*** Opening of Entries provided ***

(* Let $0<\gamma'<\gamma$ and $\varepsilon>0$. For any finite class $\mathcal{H}$ of hypotheses $\{-1,+1\}^d\to\{-1,+1\}$, there exists an $\varepsilon$-sample-$\nabla_0$DP algorithm that, given a finite set $S$ of labeled examples, outputs $h^{priv}\in\mathcal{H}$ such that $$\mathbb{E}[\mathcal{R}_{\gamma'}(h^{priv};S)]\le\inf_{h\in\mathcal{H}}\mathcal{R}_\gamma(h;S)+O\!\left(\frac{\log|\mathcal{H}|}{\varepsilon(\gamma-\gamma')d\cdot|S|}\right).$$
   Context: Labeled examples are $(x,y)\in\{-1,+1\}^d\times\{-1,+1\}$. For a hypothesis $h$ and distribution $\mathcal{D}$, $\mathcal{R}_\gamma(h,\mathcal{D})=\Pr_{(x,y)\sim\mathcal{D}}[\exists\check x\in\{-1,+1\}^d: h(\check x)\ne y\wedge\|\check x-x\|_0\le\gamma d]$ with $\|\cdot\|_0$ the Hamming distance; $\mathcal{R}_\gamma(h;S)$ is this quantity for $\mathcal{D}$ uniform on $S$. An algorithm $M$ on datasets of labeled examples is $\varepsilon$-sample-$\nabla_0$DP if $\Pr[M(S)\in E]\le e^\varepsilon\Pr[M(S')\in E]$ for all $E$ whenever $S,S'$ differ only in a single coordinate of the feature vector of a single example (labels unchanged). *)

theory Defs
  imports "HOL-Probability.Probability"
begin

text \<open>Encoding: the sign values -1 and +1 are represented by False and True.
  A feature vector in the hypercube of dimension d is a bool list of length d;
  a labeled example is a pair (x, y); a dataset is a list of labeled examples
  (the empirical distribution is uniform over its entries).\<close>

type_synonym point = "bool list"
type_synonym example = "point \<times> bool"
type_synonym hypothesis = "point \<Rightarrow> bool"

definition cube :: "nat \<Rightarrow> point set" where
  "cube d = {x. length x = d}"

definition hamming :: "point \<Rightarrow> point \<Rightarrow> nat" where
  "hamming x y = card {i. i < length x \<and> x ! i \<noteq> y ! i}"

definition robust_err :: "real \<Rightarrow> nat \<Rightarrow> hypothesis \<Rightarrow> example \<Rightarrow> bool" where
  "robust_err \<gamma> d h e =
     (\<exists>x' \<in> cube d. h x' \<noteq> snd e \<and> real (hamming x' (fst e)) \<le> \<gamma> * real d)"

definition emp_robust_risk :: "real \<Rightarrow> nat \<Rightarrow> hypothesis \<Rightarrow> example list \<Rightarrow> real" where
  "emp_robust_risk \<gamma> d h S =
     real (length (filter (robust_err \<gamma> d h) S)) / real (length S)"

definition valid_dataset :: "nat \<Rightarrow> example list \<Rightarrow> bool" where
  "valid_dataset d S = (\<forall>e \<in> set S. fst e \<in> cube d)"

definition sample_neighbors :: "nat \<Rightarrow> example list \<Rightarrow> example list \<Rightarrow> bool" where
  "sample_neighbors d S S' =
     (valid_dataset d S \<and> valid_dataset d S' \<and> length S = length S' \<and>
      (\<exists>i < length S. snd (S ! i) = snd (S' ! i) \<and>
          hamming (fst (S ! i)) (fst (S' ! i)) = 1 \<and>
          (\<forall>j < length S. j \<noteq> i \<longrightarrow> S ! j = S' ! j)))"

definition sample_nabla0_DP ::
    "real \<Rightarrow> nat \<Rightarrow> (example list \<Rightarrow> hypothesis pmf) \<Rightarrow> bool" where
  "sample_nabla0_DP \<epsilon> d M =
     (\<forall>S S' E. sample_neighbors d S S' \<longrightarrow>
        measure_pmf.prob (M S) E \<le> exp \<epsilon> * measure_pmf.prob (M S') E)"

end

theory Submission
  imports Defs
begin

text \<open>The algorithm is the exponential mechanism over \<open>H\<close> for a Lipschitz surrogate of the
  robust loss. The surrogate loss of \<open>h\<close> on \<open>(x, y)\<close> is the largest value, over the points
  \<open>x'\<close> with \<open>h x' \<noteq> y\<close>, of a ramp in the Hamming distance from \<open>x'\<close> to \<open>x\<close> that is \<open>1\<close> up to
  radius \<open>\<gamma>' d\<close> and \<open>0\<close> from radius \<open>\<gamma> d\<close> on. It lies between the \<open>\<gamma>'\<close>-robust and the
  \<open>\<gamma>\<close>-robust 0-1 loss, and flipping one coordinate of \<open>x\<close> changes it by at most
  \<open>1 / ((\<gamma> - \<gamma>') d)\<close>. Sampling \<open>h\<close> with probability proportional to \<open>exp (- \<beta> L h)\<close>, where \<open>L\<close>
  is the total surrogate loss on \<open>S\<close> and \<open>\<beta> = \<epsilon> (\<gamma> - \<gamma>') d / 2\<close>, is therefore \<open>\<epsilon>\<close>-private,
  and since entropy is at most \<open>ln |H|\<close> the Gibbs variational principle bounds its expected
  total surrogate loss by \<open>min L + ln |H| / \<beta>\<close>.\<close>

definition gibbs_pmf :: "real \<Rightarrow> ('a \<Rightarrow> real) \<Rightarrow> 'a set \<Rightarrow> 'a pmf" where
  "gibbs_pmf \<beta> L H =
     embed_pmf (\<lambda>h. if h \<in> H then exp (- \<beta> * L h) / (\<Sum>g\<in>H. exp (- \<beta> * L g)) else 0)"

lemma pmf_gibbs_pmf:
  assumes "finite H" "H \<noteq> {}"
  shows "pmf (gibbs_pmf \<beta> L H) h =
           (if h \<in> H then exp (- \<beta> * L h) / (\<Sum>g\<in>H. exp (- \<beta> * L g)) else 0)"
proof -
  let ?Z = "\<Sum>g\<in>H. exp (- \<beta> * L g)"
  define f where "f = (\<lambda>h. if h \<in> H then exp (- \<beta> * L h) / ?Z else 0)"
  have "?Z > 0"
    using assms by (simp add: sum_pos)
  then have nonneg: "0 \<le> f h" for h
    by (simp add: f_def)
  have "(\<integral>\<^sup>+h. ennreal (f h) \<partial>count_space UNIV) = (\<Sum>h\<in>H. ennreal (f h))"
    using assms by (intro nn_integral_count_space') (auto simp: f_def)
  also have "\<dots> = ennreal (\<Sum>h\<in>H. f h)"
    using nonneg by (intro sum_ennreal)
  also have "(\<Sum>h\<in>H. f h) = 1"
    using \<open>?Z > 0\<close> by (simp add: f_def flip: sum_divide_distrib)
  finally have "pmf (embed_pmf f) h = f h"
    using nonneg by (intro pmf_embed_pmf) auto
  then show ?thesis
    by (simp add: gibbs_pmf_def f_def)
qed

lemma set_pmf_gibbs_pmf:
  assumes "finite H" "H \<noteq> {}"
  shows "set_pmf (gibbs_pmf \<beta> L H) = H"
proof -
  have "(\<Sum>g\<in>H. exp (- \<beta> * L g)) > 0"
    using assms by (simp add: sum_pos)
  then show ?thesis
    by (auto simp: set_pmf_eq pmf_gibbs_pmf[OF assms])
qed

lemma measure_pmf_prob_le_scaled:
  assumes "finite (set_pmf p)" "0 \<le> c" "\<And>x. pmf p x \<le> c * pmf q x"
  shows "measure_pmf.prob p E \<le> c * measure_pmf.prob q E"
proof -
  let ?A = "E \<inter> set_pmf p"
  have "measure_pmf.prob p E = measure_pmf.prob p ?A"
    by (rule measure_Int_set_pmf[symmetric])
  also have "\<dots> = (\<Sum>x\<in>?A. pmf p x)"
    using assms(1) by (simp add: measure_measure_pmf_finite)
  also have "\<dots> \<le> c * (\<Sum>x\<in>?A. pmf q x)"
    using assms(3) by (simp add: sum_distrib_left sum_mono)
  also have "(\<Sum>x\<in>?A. pmf q x) = measure_pmf.prob q ?A"
    using assms(1) by (simp add: measure_measure_pmf_finite)
  also have "\<dots> \<le> measure_pmf.prob q E"
    by (intro measure_pmf.finite_measure_mono) auto
  finally show ?thesis
    using assms(2) by (simp add: mult_left_mono)
qed

lemma pmf_gibbs_pmf_le:
  assumes "finite H" "H \<noteq> {}" "0 \<le> \<beta>" and close: "\<And>h. h \<in> H \<Longrightarrow> \<bar>L h - L' h\<bar> \<le> \<Delta>"
  shows "pmf (gibbs_pmf \<beta> L H) h \<le> exp (2 * \<beta> * \<Delta>) * pmf (gibbs_pmf \<beta> L' H) h"
proof (cases "h \<in> H")
  case True
  define Z where "Z L = (\<Sum>g\<in>H. exp (- \<beta> * L g))" for L :: "'a \<Rightarrow> real"
  have weight_le: "exp (- \<beta> * L1 g) \<le> exp (\<beta> * \<Delta>) * exp (- \<beta> * L2 g)"
    if "g \<in> H" "\<bar>L1 g - L2 g\<bar> \<le> \<Delta>" for L1 L2 g
  proof -
    have "\<beta> * (L2 g - L1 g) \<le> \<beta> * \<Delta>"
      using that assms(3) by (intro mult_left_mono) auto
    then show ?thesis
      by (simp add: algebra_simps flip: exp_add)
  qed
  have Z_pos: "Z L'' > 0" for L''
    using assms(1,2) by (simp add: Z_def sum_pos)
  have "Z L' \<le> exp (\<beta> * \<Delta>) * Z L"
    unfolding Z_def sum_distrib_left
    using close by (intro sum_mono weight_le) (auto simp: abs_minus_commute)
  then have "1 / Z L \<le> exp (\<beta> * \<Delta>) / Z L'"
    using Z_pos by (simp add: field_simps)
  with weight_le[of h L L', OF True close[OF True]]
  have "exp (- \<beta> * L h) * (1 / Z L)
          \<le> (exp (\<beta> * \<Delta>) * exp (- \<beta> * L' h)) * (exp (\<beta> * \<Delta>) / Z L')"
    using Z_pos by (intro mult_mono) (auto intro: less_imp_le)
  also have "\<dots> = (exp (\<beta> * \<Delta>) * exp (\<beta> * \<Delta>)) * (exp (- \<beta> * L' h) / Z L')"
    by simp
  also have "exp (\<beta> * \<Delta>) * exp (\<beta> * \<Delta>) = exp (2 * \<beta> * \<Delta>)"
    by (simp flip: exp_add)
  finally show ?thesis
    using True by (simp add: pmf_gibbs_pmf[OF assms(1,2)] Z_def)
next
  case False
  then show ?thesis
    by (simp add: pmf_gibbs_pmf[OF assms(1,2)])
qed

lemma measure_gibbs_pmf_le:
  assumes "finite H" "H \<noteq> {}" "0 \<le> \<beta>" "\<And>h. h \<in> H \<Longrightarrow> \<bar>L h - L' h\<bar> \<le> \<Delta>"
  shows "measure_pmf.prob (gibbs_pmf \<beta> L H) E
           \<le> exp (2 * \<beta> * \<Delta>) * measure_pmf.prob (gibbs_pmf \<beta> L' H) E"
  using assms by (intro measure_pmf_prob_le_scaled pmf_gibbs_pmf_le) (auto simp: set_pmf_gibbs_pmf)

lemma entropy_le_ln_card:
  assumes "finite H" "\<And>h. h \<in> H \<Longrightarrow> 0 < p h" "(\<Sum>h\<in>H. p h) = 1"
  shows "(\<Sum>h\<in>H. - p h * ln (p h)) \<le> ln (card H)"
proof -
  define N where "N = real (card H)"
  have "H \<noteq> {}"
    using assms(3) by auto
  then have "N > 0"
    using assms(1) by (simp add: N_def card_gt_0_iff)
  have "p h * ln (1 / (N * p h)) = - p h * ln (p h) - p h * ln N" if "h \<in> H" for h
    using assms(2)[OF that] \<open>N > 0\<close> by (simp add: ln_div ln_mult algebra_simps)
  then have "(\<Sum>h\<in>H. - p h * ln (p h)) - ln N = (\<Sum>h\<in>H. p h * ln (1 / (N * p h)))"
    using assms(3) by (simp add: sum_subtractf flip: sum_distrib_right)
  also have "\<dots> \<le> (\<Sum>h\<in>H. p h * (1 / (N * p h) - 1))"
    using assms(2) \<open>N > 0\<close> by (intro sum_mono mult_left_mono ln_le_minus_one) (auto intro: less_imp_le)
  also have "\<dots> = (\<Sum>h\<in>H. 1 / N - p h)"
    using assms(2) \<open>N > 0\<close> by (intro sum.cong refl) (force simp: field_simps)
  also have "\<dots> = 0"
    using assms(3) \<open>N > 0\<close> by (simp add: sum_subtractf N_def)
  finally show ?thesis
    by (simp add: N_def)
qed

lemma expectation_gibbs_pmf_le:
  assumes "finite H" "h\<^sub>0 \<in> H" "0 < \<beta>"
  shows "measure_pmf.expectation (gibbs_pmf \<beta> L H) L \<le> L h\<^sub>0 + ln (card H) / \<beta>"
proof -
  have "H \<noteq> {}"
    using assms(2) by auto
  define Z where "Z = (\<Sum>g\<in>H. exp (- \<beta> * L g))"
  define p where "p = pmf (gibbs_pmf \<beta> L H)"
  have "Z > 0"
    using assms(1) \<open>H \<noteq> {}\<close> by (simp add: Z_def sum_pos)
  have p_eq: "p h = exp (- \<beta> * L h) / Z" if "h \<in> H" for h
    using that by (simp add: p_def Z_def pmf_gibbs_pmf[OF assms(1) \<open>H \<noteq> {}\<close>])
  then have p_pos: "0 < p h" if "h \<in> H" for h
    using that \<open>Z > 0\<close> by simp
  have sum_p: "(\<Sum>h\<in>H. p h) = 1"
    using \<open>Z > 0\<close> by (simp add: p_eq Z_def flip: sum_divide_distrib)
  have L_eq: "L h = (- ln (p h) - ln Z) / \<beta>" if "h \<in> H" for h
    using that \<open>Z > 0\<close> assms(3) by (simp add: p_eq ln_div field_simps)
  have "exp (- \<beta> * L h\<^sub>0) \<le> Z"
    unfolding Z_def using assms(1,2) by (intro member_le_sum) auto
  then have "- ln Z \<le> \<beta> * L h\<^sub>0"
    using \<open>Z > 0\<close> ln_ge_iff[of Z "- \<beta> * L h\<^sub>0"] by simp
  have "measure_pmf.expectation (gibbs_pmf \<beta> L H) L = (\<Sum>h\<in>H. L h * p h)"
    unfolding p_def using set_pmf_gibbs_pmf[OF assms(1) \<open>H \<noteq> {}\<close>]
    by (intro integral_measure_pmf_real[OF assms(1)]) auto
  also have "\<dots> = (\<Sum>h\<in>H. (- p h * ln (p h) - p h * ln Z) / \<beta>)"
    using assms(3) by (intro sum.cong) (simp_all add: L_eq field_simps)
  also have "\<dots> = ((\<Sum>h\<in>H. - p h * ln (p h)) - ln Z) / \<beta>"
    using sum_p by (simp add: sum_subtractf flip: sum_divide_distrib sum_distrib_right)
  also have "\<dots> \<le> (ln (card H) + \<beta> * L h\<^sub>0) / \<beta>"
    using entropy_le_ln_card[OF assms(1) p_pos sum_p] \<open>- ln Z \<le> \<beta> * L h\<^sub>0\<close> assms(3)
    by (intro divide_right_mono) auto
  also have "\<dots> = L h\<^sub>0 + ln (card H) / \<beta>"
    using assms(3) by (simp add: field_simps)
  finally show ?thesis .
qed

*** Close of Entries provided ***

_What needs to be done:_
What is needed is an exact copy of the entries from their first line down to the line with "length x \<and>", that line included, and nothing beyond it.

_Answer for this exercise:_
(* Let $0<\gamma'<\gamma$ and $\varepsilon>0$. For any finite class $\mathcal{H}$ of hypotheses $\{-1,+1\}^d\to\{-1,+1\}$, there exists an $\varepsilon$-sample-$\nabla_0$DP algorithm that, given a finite set $S$ of labeled examples, outputs $h^{priv}\in\mathcal{H}$ such that $$\mathbb{E}[\mathcal{R}_{\gamma'}(h^{priv};S)]\le\inf_{h\in\mathcal{H}}\mathcal{R}_\gamma(h;S)+O\!\left(\frac{\log|\mathcal{H}|}{\varepsilon(\gamma-\gamma')d\cdot|S|}\right).$$
   Context: Labeled examples are $(x,y)\in\{-1,+1\}^d\times\{-1,+1\}$. For a hypothesis $h$ and distribution $\mathcal{D}$, $\mathcal{R}_\gamma(h,\mathcal{D})=\Pr_{(x,y)\sim\mathcal{D}}[\exists\check x\in\{-1,+1\}^d: h(\check x)\ne y\wedge\|\check x-x\|_0\le\gamma d]$ with $\|\cdot\|_0$ the Hamming distance; $\mathcal{R}_\gamma(h;S)$ is this quantity for $\mathcal{D}$ uniform on $S$. An algorithm $M$ on datasets of labeled examples is $\varepsilon$-sample-$\nabla_0$DP if $\Pr[M(S)\in E]\le e^\varepsilon\Pr[M(S')\in E]$ for all $E$ whenever $S,S'$ differ only in a single coordinate of the feature vector of a single example (labels unchanged). *)

theory Defs
  imports "HOL-Probability.Probability"
begin

text \<open>Encoding: the sign values -1 and +1 are represented by False and True.
  A feature vector in the hypercube of dimension d is a bool list of length d;
  a labeled example is a pair (x, y); a dataset is a list of labeled examples
  (the empirical distribution is uniform over its entries).\<close>

type_synonym point = "bool list"
type_synonym example = "point \<times> bool"
type_synonym hypothesis = "point \<Rightarrow> bool"

definition cube :: "nat \<Rightarrow> point set" where
  "cube d = {x. length x = d}"

definition hamming :: "point \<Rightarrow> point \<Rightarrow> nat" where
  "hamming x y = card {i. i < length x \<and> x ! i \<noteq> y ! i}"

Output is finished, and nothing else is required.